Adam Baney continues our conversation on war and peace. He uses arguments we've heard before, so let's address the counters:
You write as if this country is somehow autonomous, and not affected by world events. It's not that we need to act as the world's police force, but being visible on the world's stage can play an overwhelming role in deterrence.
No, the US is most certainly NOT "autonomous." It's a highly interdependent world, including for the US. War interrupts the free flow of trade, people and ideas. Contributing to the war footing, I suggest, makes our interdependence and global prosperity worse, not better. Being "visible" is, IMO, a squishy concept. Coca Cola and McDonald's hold high the US banner far better than troops in a place like Germany, which is a massive drain on the US taxpayer and I believe history shows empire-like efforts increase the likelihood of war rather than decreasing it.
Had we stopped Hitler in a pre-emptive strike, history may have read that invading Germany was wrong.
Baney points out that there are no crystal balls. My goodness, do I ever agree. Had the US not turned back the ships carrying Jews deported by Hitler from Germany, perhaps the Holocaust could have been averted. Had the US not provoked the Japanese with oil embargos, perhaps war with Japan could have been averted. Had the US not joined in the European theater of WWII, perhaps Stalin and Hitler would have exhausted themselves. Had that happened, perhaps the millions slaughtered by Stalin and Mao could have been averted, a far more murderous Holocausts than Hitler's. Does Baney seriously suggest that the US should have intervened in a border squabble over Czechoslavakia? On what basis? The question has to come down to more fundamental principles, as I see it. Nation's -- even when well meaning -- should avoid the temptation to butt into other nations's business. Perhaps that should be somewhat elastic, but more often than not, intervention leads to unintended consequences that are far worse to human life and happiness.
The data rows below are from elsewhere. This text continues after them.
lemma g_swap:
  assumes "1 \<le> i" "i < j" "j \<le> n"
  shows "g j \<otimes> g i = g 1 \<otimes> (g (Suc i) \<otimes> g j)"
proof -
  have closed: "g i \<in> carrier G" "g j \<in> carrier G" "g (Suc i) \<in> carrier G"
    using g_closed assms by auto
  have "g j \<otimes> g i = g 1 \<otimes> (g 1 \<otimes> (g j \<otimes> g i))"
    using closed by (simp only: g_1_cancel m_closed)
  also have "g 1 \<otimes> (g j \<otimes> g i) = g (Suc i) \<otimes> g j"
    using rels assms closed unfolding pres_rels_def by (metis g_1_closed m_assoc)
  finally show ?thesis .
qed

text \<open>By g_swap, each further factor g 1 \<otimes> g j turns g i \<otimes> g j [^] (i + 1) into
  g (i + 1) \<otimes> g j [^] (i + 2).\<close>
lemma g_sweep:
  assumes "k < j" "j \<le> n"
  shows "(g 1 \<otimes> g j) [^] k \<otimes> (g 1 \<otimes> g j [^] (2::nat)) = g (Suc k) \<otimes> g j [^] Suc (Suc k)"
  using assms(1)
proof (induction k)
  case 0
  then show ?case
    using assms g_closed[of j] g_1_closed by (simp add: numeral_2_eq_2)
next
  case (Suc k)
  define a x where "a = g 1" and "x = g j"
  have closed: "a \<in> carrier G" "x \<in> carrier G" "g (Suc k) \<in> carrier G" "g (Suc (Suc k)) \<in> carrier G"
    using g_closed Suc.prems assms unfolding a_def x_def by auto
  let ?R = "a \<otimes> x [^] (2::nat)"
  have "(a \<otimes> x) [^] Suc k \<otimes> ?R = a \<otimes> (x \<otimes> ((a \<otimes> x) [^] k \<otimes> ?R))"
    using closed nat_pow_Suc2[of "a \<otimes> x" k] by (simp add: m_assoc)
  also have "\<dots> = a \<otimes> ((x \<otimes> g (Suc k)) \<otimes> x [^] Suc (Suc k))"
    using Suc closed unfolding a_def x_def by (simp add: m_assoc)
  also have "x \<otimes> g (Suc k) = a \<otimes> (g (Suc (Suc k)) \<otimes> x)"
    using g_swap[of "Suc k" j] Suc.prems assms unfolding a_def x_def by simp
  also have "a \<otimes> ((a \<otimes> (g (Suc (Suc k)) \<otimes> x)) \<otimes> x [^] Suc (Suc k))
      = a \<otimes> (a \<otimes> (g (Suc (Suc k)) \<otimes> (x \<otimes> x [^] Suc (Suc k))))"
    using closed by (simp add: m_assoc del: nat_pow_Suc)
  also have "\<dots> = g (Suc (Suc k)) \<otimes> x [^] Suc (Suc (Suc k))"
    using closed nat_pow_Suc2[of x "Suc (Suc k)"] by (simp add: g_1_cancel[folded a_def])
  finally show ?case
    unfolding a_def x_def .
qed

text \<open>g m is conjugate to g 1 \<otimes> g (m + 1) by g (m + 1); so by induction the latter has order
  dividing m + 1, and g_sweep with k = m turns this into g (m + 1) [^] (m + 2) = \<one>.\<close>
lemma g_pow_order:
  assumes "1 \<le> m" "m \<le> n"
  shows "g m [^] Suc m = \<one>"
  using assms
proof (induction m rule: nat_induct_at_least)
  case base
  then show ?case
    using g_1_sq g_1_closed by (simp add: numeral_2_eq_2)
next
  case (Suc m)
  define a x y where "a = g 1" and "x = g (Suc m)" and "y = g m"
  have closed: "a \<in> carrier G" "x \<in> carrier G" "y \<in> carrier G"
    using g_closed Suc unfolding a_def x_def y_def by auto
  have "x \<otimes> y = a \<otimes> (x \<otimes> x)"
    using g_swap[of m "Suc m"] Suc unfolding a_def x_def y_def by simp
  then have y_conj: "y = inv x \<otimes> (a \<otimes> x) \<otimes> x"
    using closed by (simp add: inv_solve_left m_assoc)
  have "inv x \<otimes> (a \<otimes> x) [^] Suc m \<otimes> x = y [^] Suc m"
    unfolding y_conj using closed by (simp only: nat_pow_conj m_closed)
  also have "\<dots> = \<one>"
    using Suc unfolding y_def by simp
  finally have ax_order: "(a \<otimes> x) [^] Suc m = \<one>"
    using closed conj_eq_one_iff by simp
  have "x \<otimes> x [^] Suc (Suc m) = (a \<otimes> x) [^] m \<otimes> (a \<otimes> x [^] (2::nat))"
    using g_sweep[of m "Suc m"] Suc unfolding a_def x_def by simp
  also have "\<dots> = (a \<otimes> x) [^] Suc m \<otimes> x"
    using closed by (simp add: numeral_2_eq_2 m_assoc)
  finally have "x \<otimes> x [^] Suc (Suc m) = x"
    using ax_order closed by simp
  then show ?case
    using closed l_cancel_one[of x "x [^] Suc (Suc m)"] unfolding x_def by simp
qed

definition gens_upto :: "nat \<Rightarrow> 'a set" where
  "gens_upto m = generate G (g ` {1..m})"

lemma gens_upto_subgroup: "m \<le> n \<Longrightarrow> subgroup (gens_upto m) G"
  unfolding gens_upto_def using g_closed by (intro generate_is_subgroup) auto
If anything, Pearl Harbor and 9/11 both occurred while we sat back and kept our nose out of world affairs.
Sorry, false on both counts. The US embargoed oil to Japan. And the US has a long history of interceding in the affairs of the Middle East. 9/11 is a straw man, in this case, anyway. No nation was involved. It was -- conspiracy theories aside -- a small network of radicals, bent on disrupting our way of life. How can that have possibly been anticipated or stopped?
Whether you like it or not the world's problem's are also our own, and the "stick to our own business" idea is a garbage approach, riddled with flaws.
The definition of insanity is repeating something and expecting different results. Repeating Vietnam is sheer lunacy. That is what does not work, not the Iraq War, IMO. And, increasingly, the voters' opinion.